One of the more interesting trends in the cross-country panel datasets we collect at Women for Women International has to do with the distinction between reported saving behavior and reported use of various savings tools among our women program participants. In two of our country programs – Nigeria and Rwanda – we open bank/credit union accounts for all women program participants, into which their monthly stipends are directly deposited. Simultaneously, across all of our six active country programs in conflict-affected settings, women are encouraged to start a habit of saving over the course of their year-long interaction with us, either with the stipend they receive in cash, or with the digital transfer of their stipend into their newly opened bank accounts, or using their own earnings.
Globally, participants who report saving a portion of their personal earnings (including their stipend) moves from 19 percent at enrollment, to 82 percent at graduation from our program after a year, to 91 percent two years after leaving the program in a follow-up survey. The number reporting saving in cash moves from 9 percent to 28 percent to 44 percent at these same points in time. Participation in savings cycles/groups moves from 12 percent to 47 percent to 69 percent. And yet, use of the bank/credit union account to save goes from <1 percent to 30 percent to <1 percent. This pattern holds even in Nigeria and Rwanda, where we open bank accounts for all our women program participants. So women start actively saving through their participation in our year-long program, and continue their savings practice well after our program concludes, but through non-bank channels that seem to work better for them in their environments.
While the CGD event began with a powerful discussion of self-employment, organizing informal labor markets, and deeply understanding the realities and constraints of poor women, the nearly exclusive focus on bank-based approaches in the financial inclusion session seemed discouraging. Formal financial inclusion at what cost, and for what benefit? Are we starting to hang all savings interventions on the peg of formal bank (or mobile money) savings accounts?
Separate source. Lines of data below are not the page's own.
definition colex_less :: "nat set \<Rightarrow> nat set \<Rightarrow> bool" where
  "colex_less A B \<longleftrightarrow> colex_code A < colex_code B"

definition rsets :: "nat \<Rightarrow> nat set set" where
  "rsets r = {A. finite A \<and> card A = r}"

text \<open>C(s,r): the first s r-subsets of nat in colex order.\<close>
definition colex_initial :: "nat \<Rightarrow> nat \<Rightarrow> nat set set" where
  "colex_initial s r = {A \<in> rsets r. card {B \<in> rsets r. colex_less B A} < s}"

definition lex_less :: "nat set \<Rightarrow> nat set \<Rightarrow> bool" where
  "lex_less A B \<longleftrightarrow> A \<noteq> B \<and> Min ((A - B) \<union> (B - A)) \<in> A"

definition rsets_of :: "nat \<Rightarrow> nat \<Rightarrow> nat set set" where
  "rsets_of r t = {A. A \<subseteq> {1..t} \<and> card A = r}"

text \<open>L(s,r,t): the first s sets of [t]^(r) in lex order.\<close>
definition lex_initial :: "nat \<Rightarrow> nat \<Rightarrow> nat \<Rightarrow> nat set set" where
  "lex_initial s r t = {A \<in> rsets_of r t. card {B \<in> rsets_of r t. lex_less B A} < s}"

definition beta :: "nat \<Rightarrow> real" where
  "beta r = (12 * real r) powr (- (real r / (real r - 1)))"

end

theory Submission
  imports Defs "HOL-Library.Nat_Bijection" "HOL-Analysis.Convex"
begin

text \<open>Let m be minimal with s \<le> C(m,r). The colex family lives on {..<m}, so its degrees are at
  most C(m-1,r-1), which gives (m - r) P2(C) \<le> r^2 s^2. The bound s \<le> \<beta>_r C(t,r) forces t to be
  large compared with m, so that for k about (m - r)/(2 r^2) there are at least s sets
  consisting of one element of {1..k} and r - 1 elements above k. All of them precede in lex
  order every set avoiding {1..k}, hence every set of the lex family meets {1..k}, and
  Cauchy--Schwarz applied to the degrees on {1..k} gives s^2 \<le> k P2(L). Together:
  2 r^2 k P2(C) \<le> r^2 s^2 \<le> r^2 k P2(L).\<close>

lemma inj_on_card_predecessors:
  assumes fin: "\<And>a. a \<in> U \<Longrightarrow> finite {b \<in> U. prec b a}"
    and irrefl: "\<And>a. a \<in> U \<Longrightarrow> \<not> prec a a"
    and trans: "\<And>a b c. \<lbrakk>a \<in> U; b \<in> U; c \<in> U; prec a b; prec b c\<rbrakk> \<Longrightarrow> prec a c"
    and total: "\<And>a b. \<lbrakk>a \<in> U; b \<in> U; a \<noteq> b\<rbrakk> \<Longrightarrow> prec a b \<or> prec b a"
  shows "inj_on (\<lambda>a. card {b \<in> U. prec b a}) U"
proof (rule inj_onI)
  have less: "card {b \<in> U. prec b a} < card {b \<in> U. prec b c}"
    if "a \<in> U" "c \<in> U" "prec a c" for a c
  proof (rule psubset_card_mono)
    show "finite {b \<in> U. prec b c}" using fin that(2) .
    show "{b \<in> U. prec b a} \<subset> {b \<in> U. prec b c}" using that trans irrefl by blast
  qed
  fix a c assume ac: "a \<in> U" "c \<in> U" and eq: "card {b \<in> U. prec b a} = card {b \<in> U. prec b c}"
  show "a = c"
  proof (rule ccontr)
    assume "a \<noteq> c"
    then have "prec a c \<or> prec c a" using total ac by blast
    then show False using less[OF ac] less[OF ac(2,1)] eq by linarith
  qed
qed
This nagging worry was compounded by the remarkable announcement by the government of India on Nov. 8 that it would scrap the value of 500 and 1000 rupee currency notes overnight and demand that all such demonetized notes be exchanged at bank branches over the next 50 days. In a country where 57 percent of women do not have a bank account, how exactly is the government of India and the banking sector planning to ensure no losses to the value of each woman citizen’s precious savings stock? This strategy is purportedly intended to sniff out untaxed income (a largely political task that could have well been pursued through targeted attacks on powerful high-income tax evaders). But is it simultaneously going to wash away years of accumulation and carefully cultivated strategies to save among women savers, who have been stashing away small bits of their household earnings privately, often secretly, for contributions to chit funds, self-help groups, pawn shops? Is this what the savings imperative is now becoming – formal savings or nothing?
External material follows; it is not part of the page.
(* Every marginally trapped meridian surface $\mathcal M'_m:z(u,v)=u\,l(v)+g(u)e_4$ (respectively $\mathcal M''_m:z(u,v)=u\,l(v)+g(u)e_1$), $u\in I\subset(0,\infty)$, has non-parallel mean curvature vector field, i.e. $DH$ does not vanish identically, where $D$ is the normal connection.
   Context: $\mathbb{R}^4_1$ is $\mathbb{R}^4$ with metric $\langle\cdot,\cdot\rangle$ of signature $(3,1)$ and orthonormal basis $e_1,\dots,e_4$, $\langle e_i,e_i\rangle=1$ ($i\le3$), $\langle e_4,e_4\rangle=-1$. For a spacelike surface, the normal connection $D$ is the normal component of the flat derivative of normal fields, and the mean curvature vector $H$ is half the trace of the second fundamental form; the surface is marginally trapped if $H\neq0$ and $\langle H,H\rangle=0$ everywhere. $\mathcal M'_m$: $l(v)$, $v\in J$, is an arc-length parametrized curve on the unit sphere $S^2(1)\subset\mathrm{span}\{e_1,e_2,e_3\}$, $g$ smooth with $|\dot g|<1$. $\mathcal M''_m$: $l(v)$, $v\in J$, is an arc-length parametrized spacelike curve on the de Sitter sphere $S^2_1(1)=\{V\in\mathrm{span}\{e_2,e_3,e_4\}:\langle V,V\rangle=1\}$, $g$ smooth. These are meridian surfaces on the rotational hypersurfaces obtained by rotating the curve $u\mapsto(u,g(u))$ about the timelike axis $Oe_4$, respectively the spacelike axis $Oe_1$. *)

theory Defs
  imports "HOL-Analysis.Analysis"
begin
The bank account is a tool – for safekeeping, earmarking, transacting – but those functionalities can also be provided by other non-bank tools. An opened bank account in and of itself means very little (see this Financial Inclusion Insights blog post discussing the feeble differences in development outcomes despite the big push for bank account expansion in India since 2014). A high bank balance in that account also, in and of itself, means very little for the individual saver. With the paltry interest offered, we do not expect our bank savings accounts to grow in a way that overcomes the losses to inflation. A sitting balance in a bank account is literally a waste of money for the consumer doing the saving. What does have meaning is what that accumulation lets you buy or borrow at a lower cost at the right time, without having to beg, borrow (at high cost) or steal. And when that investment or asset grows in a meaningful way, generating positive net returns, then we have something to write home about: development and wealth accumulation in action. The reverse process, exemplified by the housing market crash of 2008 in the United States, is development undone despite all the sophistication of the U.S. formal financial system.
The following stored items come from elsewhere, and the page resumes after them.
lemma few_occ_tuples_le_quarter:
  "card {x \<in> {..<(2::nat)^n} \<rightarrow>\<^sub>E words A l. \<exists>i<2^n. \<exists>a\<in>A. l > 2 * r * card (occ (x i) a)}
    \<le> card ({..<(2::nat)^n} \<rightarrow>\<^sub>E words A l) / 4"
proof -
  have "card {x \<in> {..<(2::nat)^n} \<rightarrow>\<^sub>E words A l. \<exists>i<2^n. \<exists>a\<in>A. l > 2 * r * card (occ (x i) a)}
      \<le> (2 ^ n * real r * exp (- (l / (12 * r)))) * (real r ^ l) ^ 2^n"
    using card_tuples_few_occ[OF A(1), of "2^n" l] A(2) by (simp add: mult_ac)
  also have "\<dots> \<le> 1/4 * (real r ^ l) ^ 2^n"
    using few_occ_probability_small by (intro mult_right_mono) auto
  finally show ?thesis
    by (simp add: card_tuple_space)
qed

lemma collision_tuples_le_quarter:
  "card {x \<in> {..<(2::nat)^n} \<rightarrow>\<^sub>E words A l. \<not> inj_on x {..<2^n}}
    \<le> card ({..<(2::nat)^n} \<rightarrow>\<^sub>E words A l) / 4"
proof -
  have "4 * card {x \<in> {..<(2::nat)^n} \<rightarrow>\<^sub>E words A l. \<not> inj_on x {..<2^n}}
      \<le> 4 * (2^n * 2^n * (r ^ l) ^ (2^n - 1))"
    using card_tuples_not_inj[of "words A l" "2^n"] A by (simp add: finite_words card_words)
  also have "\<dots> \<le> r ^ l * (r ^ l) ^ (2^n - 1)"
    using collision_probability_small by (metis mult.assoc mult_le_mono1)
  also have "\<dots> = (r ^ l) ^ 2^n"
    by (simp add: power_Suc[symmetric])
  finally have "real (4 * card {x \<in> {..<(2::nat)^n} \<rightarrow>\<^sub>E words A l. \<not> inj_on x {..<2^n}})
      \<le> real ((r ^ l) ^ 2^n)"
    by (simp only: of_nat_le_iff)
  then show ?thesis
    by (simp add: card_tuple_space)
qed

lemma capturing_tuples_le_quarter:
  "card {x \<in> {..<(2::nat)^n} \<rightarrow>\<^sub>E words A l. \<exists>i<2^n. \<exists>a\<in>A. \<exists>I. I \<subseteq> occ (x i) a
      \<and> card I = nat \<lceil>real l / (8 * real r)\<rceil> \<and> l \<le> 2 * r * card (occ (x i) a)
      \<and> 128 * r^2 \<le> card {(j, b). j \<in> {..<2^n} - {i} \<and> b \<in> A \<and> captures I (x i) a (x j) b}}
    \<le> card ({..<(2::nat)^n} \<rightarrow>\<^sub>E words A l) / 4"
proof -
  have "0 \<le> real l / (8 * real r)"
    by simp
  then have "real (nat \<lceil>real l / (8 * real r)\<rceil>) = of_int \<lceil>real l / (8 * real r)\<rceil>"
    by (intro of_nat_nat) (metis ceiling_mono ceiling_zero)
  then have "nat \<lceil>real l / (8 * real r)\<rceil> \<le> l / (8 * card A) + 1"
    using of_int_ceiling_le_add_one A(2) by simp
  moreover have "A \<noteq> {}"
    using A(2) r by auto
  ultimately have "card {x \<in> {..<(2::nat)^n} \<rightarrow>\<^sub>E words A l. \<exists>i<2^n. \<exists>a\<in>A. \<exists>I. I \<subseteq> occ (x i) a
      \<and> card I = nat \<lceil>real l / (8 * real r)\<rceil> \<and> l \<le> 2 * r * card (occ (x i) a)
      \<and> 128 * r^2 \<le> card {(j, b). j \<in> {..<2^n} - {i} \<and> b \<in> A \<and> captures I (x i) a (x j) b}}
    \<le> real (2 ^ n * r * 2 ^ l * (2 ^ n * r) ^ (128 * r^2))
       * ((real r ^ l) ^ 2^n * exp (- real (128 * r^2) * ((l / (8 * r) - 3) / (2 * r))))"
    using card_tuples_capturing[OF A(1), of _ l "2^n" "128 * r^2"] unfolding A(2) by blast
  also have "\<dots> = (real (2 ^ n * r * 2 ^ l * (2 ^ n * r) ^ (128 * r^2))
       * exp (- real (128 * r^2) * ((l / (8 * r) - 3) / (2 * r)))) * (real r ^ l) ^ 2^n"
    by (simp only: mult_ac)
  also have "\<dots> \<le> 1/4 * (real r ^ l) ^ 2^n"
    using capturing_probability_small by (intro mult_right_mono) auto
  finally show ?thesis
    by (simp add: card_tuple_space)
qed

lemma exists_good_tuple:
  "\<exists>x \<in> {..<(2::nat)^n} \<rightarrow>\<^sub>E words A l. inj_on x {..<2^n}
    \<and> (\<forall>i<2^n. \<forall>a\<in>A. l \<le> 2 * r * card (occ (x i) a))
    \<and> (\<forall>i<2^n. \<forall>a\<in>A. \<forall>I. I \<subseteq> occ (x i) a \<longrightarrow> card I = nat \<lceil>real l / (8 * real r)\<rceil> \<longrightarrow>
         card {(j, b). j \<in> {..<2^n} - {i} \<and> b \<in> A \<and> captures I (x i) a (x j) b} < 128 * r^2)"
proof -
  define X where "X = {..<(2::nat)^n} \<rightarrow>\<^sub>E words A l"
  define few where "few x \<longleftrightarrow> (\<exists>i<(2::nat)^n. \<exists>a\<in>A. l > 2 * r * card (occ (x i) a))" for x
  define capturing where "capturing x \<longleftrightarrow> (\<exists>i<(2::nat)^n. \<exists>a\<in>A. \<exists>I. I \<subseteq> occ (x i) a
      \<and> card I = nat \<lceil>real l / (8 * real r)\<rceil> \<and> l \<le> 2 * r * card (occ (x i) a)
      \<and> 128 * r^2 \<le> card {(j, b). j \<in> {..<2^n} - {i} \<and> b \<in> A \<and> captures I (x i) a (x j) b})" for x
  have "real (card X) > 0"
    using r by (simp add: X_def card_tuple_space)
  then have "real (card {x \<in> X. few x} + card {x \<in> X. \<not> inj_on x {..<2^n}}
      + card {x \<in> X. capturing x})
      < real (card X)"
    using few_occ_tuples_le_quarter collision_tuples_le_quarter capturing_tuples_le_quarter
    unfolding X_def few_def capturing_def by simp
  then obtain x where x: "x \<in> X" "\<not> few x" "inj_on x {..<2^n}" "\<not> capturing x"
    using ex_avoiding_by_card[of X few "\<lambda>x. \<not> inj_on x {..<2^n}" capturing] A(1)
    by (auto simp: X_def finite_words finite_PiE simp flip: of_nat_less_iff)
  have many: "l \<le> 2 * r * card (occ (x i) a)" if "i < 2^n" "a \<in> A" for i a
    using x(2) that unfolding few_def by (meson not_le)
  have "card {(j, b). j \<in> {..<2^n} - {i} \<and> b \<in> A \<and> captures I (x i) a (x j) b} < 128 * r^2"
    if "i < 2^n" "a \<in> A" "I \<subseteq> occ (x i) a" "card I = nat \<lceil>real l / (8 * real r)\<rceil>" for i a I
    using x(4) many[OF that(1,2)] that unfolding capturing_def by (meson not_le)
  with x(1,3) many show ?thesis
    unfolding X_def by blast
qed

lemma exists_word_code:
  shows "\<exists>S \<subseteq> words A l. card S = 2^n \<and> (\<forall>v\<in>S. \<forall>a\<in>A. real (card (occ v a)) \<ge> real l / (2 * real r)
    \<and> (\<forall>I. I \<subseteq> occ v a \<longrightarrow> card I = nat \<lceil>real l / (8 * real r)\<rceil> \<longrightarrow>
         real (card {(w, b). w \<in> S \<and> b \<in> A \<and> captures I v a w b}) \<le> 129 * (real r)^2))"
proof -
  obtain x where x: "x \<in> {..<(2::nat)^n} \<rightarrow>\<^sub>E words A l" "inj_on x {..<2^n}"
    and many: "\<forall>i<2^n. \<forall>a\<in>A. l \<le> 2 * r * card (occ (x i) a)"
    and few: "\<forall>i<2^n. \<forall>a\<in>A. \<forall>I. I \<subseteq> occ (x i) a \<longrightarrow> card I = nat \<lceil>real l / (8 * real r)\<rceil> \<longrightarrow>
         card {(j, b). j \<in> {..<2^n} - {i} \<and> b \<in> A \<and> captures I (x i) a (x j) b} < 128 * r^2"
    using exists_good_tuple by blast
  have "real l / (2 * real r) \<le> card (occ (x i) a)" if "i < 2^n" "a \<in> A" for i a
  proof -
    have "real l \<le> real (2 * r * card (occ (x i) a))"
      using many that by (simp only: of_nat_le_iff)
    then show ?thesis
      using r by (simp add: field_simps)
  qed
  moreover have "real (card {(w, b). w \<in> x ` {..<2^n} \<and> b \<in> A \<and> captures I (x i) a w b})
      \<le> 129 * (real r)^2"
    if "i < 2^n" "a \<in> A" "I \<subseteq> occ (x i) a" "card I = nat \<lceil>real l / (8 * real r)\<rceil>" for i a I
  proof -
    have "card {(j, b). j \<in> {..<2^n} - {i} \<and> b \<in> A \<and> captures I (x i) a (x j) b} < 128 * r^2"
      using few that by blast
    then have "card {(w, b). w \<in> x ` {..<2^n} \<and> b \<in> A \<and> captures I (x i) a w b} \<le> r + 128 * r^2"
      using card_capturing_pairs_image[OF A(1) that(1), of x I a] A(2) by linarith
    also have "\<dots> \<le> 129 * r^2"
      by (simp add: power2_eq_square)
    finally have "real (card {(w, b). w \<in> x ` {..<2^n} \<and> b \<in> A \<and> captures I (x i) a w b})
        \<le> real (129 * r^2)"
      by (simp only: of_nat_le_iff)
    then show ?thesis
      by simp
  qed
  moreover have "x ` {..<2^n} \<subseteq> words A l"
    using x(1) by (intro image_subsetI) (simp add: PiE_iff)
  moreover have "card (x ` {..<2^n}) = 2^n"
    using card_image[OF x(2)] by simp
  ultimately show ?thesis
    by (intro exI[of _ "x ` {..<2^n}"]) blast
qed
Economic well-being seems to be a continuous dance between liquidity and illiquidity, flows and stock, risk and return, investment and consumption, today and tomorrow. The bank account is a step, but what makes saving “empowering” on a personal level is my ability to leverage that savings accumulation to borrow at low cost on top of my savings balance to buy a home or a college education, or spend it when my child has an accident and needs an operation on short notice in the middle of the night (for which cash still is queen), or have it stay out of sight as a loan to my sister and come back to me as my retirement income stream. Help me save, give me compelling choices to grow my savings, but how I conduct my everyday saving is ultimately my call.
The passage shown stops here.